Set out exactly every line of the entries below, starting at the line that holds "(G \<longlongrightarrow> 0)" and stopping after the line that holds "text \<open>Write \<open>F\<^sub>x\<close>".

** Opening Data provided block **

(* Let $(\vec X_1,Y_1),\ldots,(\vec X_n,Y_n),(\vec X_{n+1},Y_{n+1})$ be i.i.d. with $\vec X\in\mathcal X$, $Y\in\mathbb R$, and let $F(y\mid\vec x)$ be the conditional distribution function of $Y$ given $\vec X=\vec x$. For each $n$ let $\widehat F$ be an estimate of $F$ independent of $(\vec X_i,Y_i)_{i\le n+1}$. Fix $\alpha\in(0,1)$ and assume: (A1) there exist sequences $\eta_n=o(1)$ and $\rho_n=o(1)$ such that $\mathbb P\Big(\mathbb E\big[\sup_{y\in\mathbb R}(\widehat F(y\mid\vec X)-F(y\mid\vec X))^2\,\big|\,\widehat F\big]\ge\eta_n\Big)\le\rho_n$, where $(\vec X,Y)$ is an independent copy; (A2) for every $\vec x$, $F(y\mid\vec x)$ is differentiable in $y$, and there exists $M>0$ such that $\inf_{\vec x}\frac{dF(y\mid\vec x)}{dy}\ge M^{-1}$ for $y$ in a neighborhood of $F^{-1}(\alpha/2\mid\vec x)$ and of $F^{-1}(1-\alpha/2\mid\vec x)$. Let $U_i=\widehat F(Y_i\mid\vec X_i)$, $i=1,\ldots,n$, and let $U_{[\beta]}$ denote the empirical $\beta$ quantile of $U_1,\ldots,U_n$. Then $$\widehat F^{-1}(U_{[\alpha/2]}\mid\vec X_{n+1})=F^{-1}(\alpha/2\mid\vec X_{n+1})+o_{\mathbb P}(1),\qquad \widehat F^{-1}(U_{[1-\alpha/2]}\mid\vec X_{n+1})=F^{-1}(1-\alpha/2\mid\vec X_{n+1})+o_{\mathbb P}(1).$$
   Context: $F^{-1}(\cdot\mid\vec x)$ and $\widehat F^{-1}(\cdot\mid\vec x)$ denote the (generalized) inverses in $y$ of the conditional distribution functions. *)

theory Defs
  imports "HOL-Probability.Probability"
begin

definition is_cdf :: "(real \<Rightarrow> real) \<Rightarrow> bool" where
  "is_cdf G \<longleftrightarrow> mono G \<and> (\<forall>y. continuous (at_right y) G) \<and>
     (G \<longlongrightarrow> 0) at_bot \<and> (G \<longlongrightarrow> 1) at_top"

definition geninv :: "(real \<Rightarrow> real) \<Rightarrow> real \<Rightarrow> real" where
  "geninv G u = Inf {y. u \<le> G y}"

definition emp_quantile :: "(nat \<Rightarrow> real) \<Rightarrow> nat \<Rightarrow> real \<Rightarrow> real" where
  "emp_quantile u n \<beta> = Inf {t. \<beta> \<le> real (card {i. i < n \<and> u i \<le> t}) / real n}"

text \<open>Outer probability (so that o_P statements make sense without measurability).\<close>
definition outer_prob :: "'a measure \<Rightarrow> 'a set \<Rightarrow> real" where
  "outer_prob M A = Inf {measure M B | B. B \<in> sets M \<and> A \<subseteq> B}"

end

theory Submission
  imports Defs
begin

text \<open>Write \<open>F\<^sub>x\<close> for \<open>F (\<cdot> | x)\<close> and \<open>G\<^sub>x\<close> for its estimate. Conditionally on the estimate,
  Markov's inequality turns (A1) into: with probability tending to one, \<open>sup |G\<^sub>x - F\<^sub>x|\<close> is small
  at the test point and at all but a small fraction of the calibration points. By the probability
  integral transform, \<open>Y\<^sub>i \<le> F\<^sub>X\<^sub>i\<^sup>-\<^sup>1(a)\<close> has probability exactly \<open>a\<close>, so Hoeffding's inequality
  keeps the empirical distribution of the scores \<open>F\<^sub>X\<^sub>i(Y\<^sub>i)\<close> uniformly close to the identity near
  \<open>\<beta>\<close>; with the previous point this pins the empirical \<open>\<beta>\<close>-quantile of \<open>U\<^sub>i = G\<^sub>X\<^sub>i(Y\<^sub>i)\<close> near \<open>\<beta>\<close>.
  Finally the slope bound (A2) makes \<open>F\<^sub>x\<^sup>-\<^sup>1(\<beta>)\<close> stable: if \<open>sup |G\<^sub>x - F\<^sub>x| \<le> d\<close> and
  \<open>|u - \<beta>| \<le> s\<close> with \<open>d + s < e/K\<close>, then \<open>|G\<^sub>x\<^sup>-\<^sup>1(u) - F\<^sub>x\<^sup>-\<^sup>1(\<beta>)| \<le> e\<close>.\<close>

section \<open>Distribution functions and their generalized inverses\<close>

lemma is_cdf_nonneg:
  assumes "is_cdf F" shows "0 \<le> F y"
proof (rule tendsto_upperbound)
  show "(F \<longlongrightarrow> 0) at_bot" using assms by (simp add: is_cdf_def)
  show "\<forall>\<^sub>F z in at_bot. F z \<le> F y"
    using assms by (auto simp: is_cdf_def eventually_at_bot_linorder mono_def)
qed simp

lemma is_cdf_le_1:
  assumes "is_cdf F" shows "F y \<le> 1"
proof (rule tendsto_lowerbound)
  show "(F \<longlongrightarrow> 1) at_top" using assms by (simp add: is_cdf_def)
  show "\<forall>\<^sub>F z in at_top. F y \<le> F z"
    using assms by (auto simp: is_cdf_def eventually_at_top_linorder mono_def)
qed simp

lemma geninv_le_iff:
  assumes F: "is_cdf F" and u: "0 < u" "u < 1"
  shows "geninv F u \<le> y \<longleftrightarrow> u \<le> F y"
proof -
  have m: "mono F" and rc: "\<And>y. continuous (at_right y) F"
    and l0: "(F \<longlongrightarrow> 0) at_bot" and l1: "(F \<longlongrightarrow> 1) at_top" using F by (auto simp: is_cdf_def)
  define S where "S = {y. u \<le> F y}"
  have up: "y' \<in> S" if "y \<in> S" "y \<le> y'" for y y'
    using m that by (auto simp: S_def mono_def intro: order_trans)
  have "\<forall>\<^sub>F z in at_top. u < F z" using l1 u by (auto intro: order_tendstoD)
  then obtain N where "\<And>z. N \<le> z \<Longrightarrow> u < F z" by (auto simp: eventually_at_top_linorder)
  then have "N \<in> S" by (simp add: S_def less_imp_le)
  then have ne: "S \<noteq> {}" by blast
  have "\<forall>\<^sub>F z in at_bot. F z < u" using l0 u by (auto intro: order_tendstoD)
  then obtain b where b: "\<And>z. z \<le> b \<Longrightarrow> F z < u" by (auto simp: eventually_at_bot_linorder)
  have bdd: "bdd_below S"
  proof (rule bdd_belowI)
    fix y assume "y \<in> S" then show "b \<le> y" using b[of y] by (cases "y \<le> b") (auto simp: S_def)
  qed
  have "u \<le> F (Inf S)"
  proof (rule tendsto_lowerbound)
    show "(F \<longlongrightarrow> F (Inf S)) (at_right (Inf S))" using rc[of "Inf S"] by (simp add: continuous_within)
    have "u \<le> F y" if "Inf S < y" for y
    proof -
      obtain s where "s \<in> S" "s < y" using cInf_lessD[OF ne \<open>Inf S < y\<close>] by blast
      then show ?thesis using up[of s y] by (simp add: S_def)
    qed
    then show "\<forall>\<^sub>F y in at_right (Inf S). u \<le> F y"
      by (auto simp: eventually_at_right_less eventually_at_filter)
  qed simp
  then have "Inf S \<in> S" by (simp add: S_def)
  then have "Inf S \<le> y \<longleftrightarrow> y \<in> S" using up[of "Inf S" y] cInf_lower[OF _ bdd, of y] by blast
  then show ?thesis by (simp add: geninv_def S_def)
qed

lemma cdf_geninv_eq:
  assumes F: "is_cdf F" and u: "0 < u" "u < 1" and cont: "isCont F (geninv F u)"
  shows "F (geninv F u) = u"
proof (rule antisym)
  let ?q = "geninv F u"
  show "F ?q \<le> u"
  proof (rule tendsto_upperbound)
    show "(F \<longlongrightarrow> F ?q) (at_left ?q)" using cont by (simp add: isCont_def filterlim_at_split)
    have "F y \<le> u" if "y < ?q" for y using that geninv_le_iff[OF F u, of y] by auto
    then show "\<forall>\<^sub>F y in at_left ?q. F y \<le> u" by (auto simp: eventually_at_filter)
  qed simp
  show "u \<le> F ?q" using geninv_le_iff[OF F u, of ?q] by simp
qed
lemma commute_lie_gen:
  assumes "B \<in> lie_gen S" and Q: "Q \<in> carrier_mat N N"
    and S: "\<And>A. A \<in> S \<Longrightarrow> A \<in> carrier_mat N N \<and> Q * A = A * Q"
  shows "B \<in> carrier_mat N N \<and> Q * B = B * Q"
  using assms(1)
proof (induction rule: lie_gen.induct)
  case (gen A)
  then show ?case by (rule S)
next
  case (add A B)
  then show ?case
    using Q by (auto simp: mult_add_distrib_mat[OF Q] add_mult_distrib_mat[OF _ _ Q])
next
  case (smult A c)
  then show ?case
    using Q by (auto simp: mult_smult_distrib[OF Q] mult_smult_assoc_mat[OF _ Q])
next
  case (bracket A B)
  then have A: "A \<in> carrier_mat N N" and B: "B \<in> carrier_mat N N"
    and QA: "Q * A = A * Q" and QB: "Q * B = B * Q" by auto
  have QAB: "Q * (A * B) = A * B * Q" and QBA: "Q * (B * A) = B * A * Q"
    using commute_mult_mat[OF Q A B QA QB] commute_mult_mat[OF Q B A QB QA] by auto
  have "Q * (A * B - B * A) = Q * (A * B) - Q * (B * A)"
    using A B Q by (subst mult_minus_distrib_mat[where n = N and nc = N]) auto
  also have "\<dots> = A * B * Q - B * A * Q"
    by (simp only: QAB QBA)
  also have "\<dots> = (A * B - B * A) * Q"
    using A B Q by (subst minus_mult_distrib_mat[where n = N and nr = N]) auto
  finally have "Q * (A * B - B * A) = (A * B - B * A) * Q" .
  moreover have "A * B - B * A \<in> carrier_mat N N"
    using A B by (intro minus_carrier_mat mult_carrier_mat)
  ultimately show ?case by blast
qed

lemma commute_smult_iff:
  fixes Q A :: "'a :: field mat"
  assumes Q: "Q \<in> carrier_mat n n" and A: "A \<in> carrier_mat n n" and c: "c \<noteq> 0"
  shows "Q * (c \<cdot>\<^sub>m A) = (c \<cdot>\<^sub>m A) * Q \<longleftrightarrow> Q * A = A * Q"
proof -
  have "Q * (c \<cdot>\<^sub>m A) = (c \<cdot>\<^sub>m A) * Q \<longleftrightarrow> c \<cdot>\<^sub>m (Q * A) = c \<cdot>\<^sub>m (A * Q)"
    using Q A by (simp add: mult_smult_distrib[OF Q A] mult_smult_assoc_mat[OF A Q])
  also have "\<dots> \<longleftrightarrow> Q * A = A * Q"
  proof
    assume "c \<cdot>\<^sub>m (Q * A) = c \<cdot>\<^sub>m (A * Q)"
    then have "inverse c \<cdot>\<^sub>m (c \<cdot>\<^sub>m (Q * A)) = inverse c \<cdot>\<^sub>m (c \<cdot>\<^sub>m (A * Q))" by simp
    then show "Q * A = A * Q" using c by (simp add: smult_smult_mat)
  qed simp
  finally show ?thesis .
qed

lemma dim_kron [simp]:
  "dim_row (kron A B) = dim_row A * dim_row B"
  "dim_col (kron A B) = dim_col A * dim_col B"
  by (simp_all add: kron_def)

** Closing Data provided block **

**Exercise result**
     (G \<longlongrightarrow> 0) at_bot \<and> (G \<longlongrightarrow> 1) at_top"

definition geninv :: "(real \<Rightarrow> real) \<Rightarrow> real \<Rightarrow> real" where
  "geninv G u = Inf {y. u \<le> G y}"

definition emp_quantile :: "(nat \<Rightarrow> real) \<Rightarrow> nat \<Rightarrow> real \<Rightarrow> real" where
  "emp_quantile u n \<beta> = Inf {t. \<beta> \<le> real (card {i. i < n \<and> u i \<le> t}) / real n}"

text \<open>Outer probability (so that o_P statements make sense without measurability).\<close>
definition outer_prob :: "'a measure \<Rightarrow> 'a set \<Rightarrow> real" where
  "outer_prob M A = Inf {measure M B | B. B \<in> sets M \<and> A \<subseteq> B}"

end

theory Submission
  imports Defs
begin

text \<open>Write \<open>F\<^sub>x\<close> for \<open>F (\<cdot> | x)\<close> and \<open>G\<^sub>x\<close> for its estimate. Conditionally on the estimate,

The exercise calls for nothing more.